*** Dataset excerpts ***

lemma norm_pos: "q \<in> S \<Longrightarrow> norm q > 0"
  using norm_ge_delta[of q] delta_pos by linarith

lemma rho_dilated_nonneg: "l > 0 \<Longrightarrow> q \<in> S \<Longrightarrow> \<rho> (l * norm q) \<ge> 0"
  using norm_pos by (intro rho_nonneg) simp

lemma rho_dilated_le_powr:
  assumes "l > 0" "q \<in> S"
  shows "\<rho> (l * norm q) \<le> (C * l powr (-s) + \<rho> (l * \<delta>) * (R / l) powr s) * norm q powr (-s)"
proof -
  have n: "norm q > 0" "\<delta> \<le> norm q" using norm_pos norm_ge_delta assms by auto
  have ld: "l * \<delta> > 0" using assms delta_pos by simp
  have K1: "0 \<le> C * l powr (-s)" and K2: "0 \<le> \<rho> (l * \<delta>) * (R / l) powr s"
    using C_nonneg rho_nonneg[OF ld] by simp_all
  show ?thesis
  proof (cases "l * norm q \<ge> R")
    case True
    then have "\<rho> (l * norm q) \<le> (C * l powr (-s)) * norm q powr (-s)"
      using rho_decay[OF True] assms n by (simp add: powr_mult)
    then show ?thesis
      using K2 by (smt (verit) mult_right_mono powr_ge_zero)
  next
    case False
    then have nR: "norm q \<le> R / l" using assms by (simp add: field_simps)
    have "\<rho> (l * norm q) \<le> \<rho> (l * \<delta>)"
      using n assms by (intro rho_antimono[OF ld]) simp
    also have "\<dots> = \<rho> (l * \<delta>) * (R / l) powr s * (R / l) powr (-s)"
      using R_pos assms by (simp add: powr_minus field_simps)
    also have "\<dots> \<le> \<rho> (l * \<delta>) * (R / l) powr s * norm q powr (-s)"
      by (intro mult_left_mono powr_mono2') (use n nR K2 s_pos in auto)
    finally show ?thesis
      using K1 by (smt (verit) mult_right_mono powr_ge_zero)
  qed
qed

*** End of Dataset excerpts ***

■ **Your instructions**: Could you return the lines in the entries above that contain "assms"?

■ **Answer to the exercise**:
  have n: "norm q > 0" "\<delta> \<le> norm q" using norm_pos norm_ge_delta assms by auto
  have ld: "l * \<delta> > 0" using assms delta_pos by simp
      using rho_decay[OF True] assms n by (simp add: powr_mult)
    then have nR: "norm q \<le> R / l" using assms by (simp add: field_simps)
      using n assms by (intro rho_antimono[OF ld]) simp
      using R_pos assms by (simp add: powr_minus field_simps)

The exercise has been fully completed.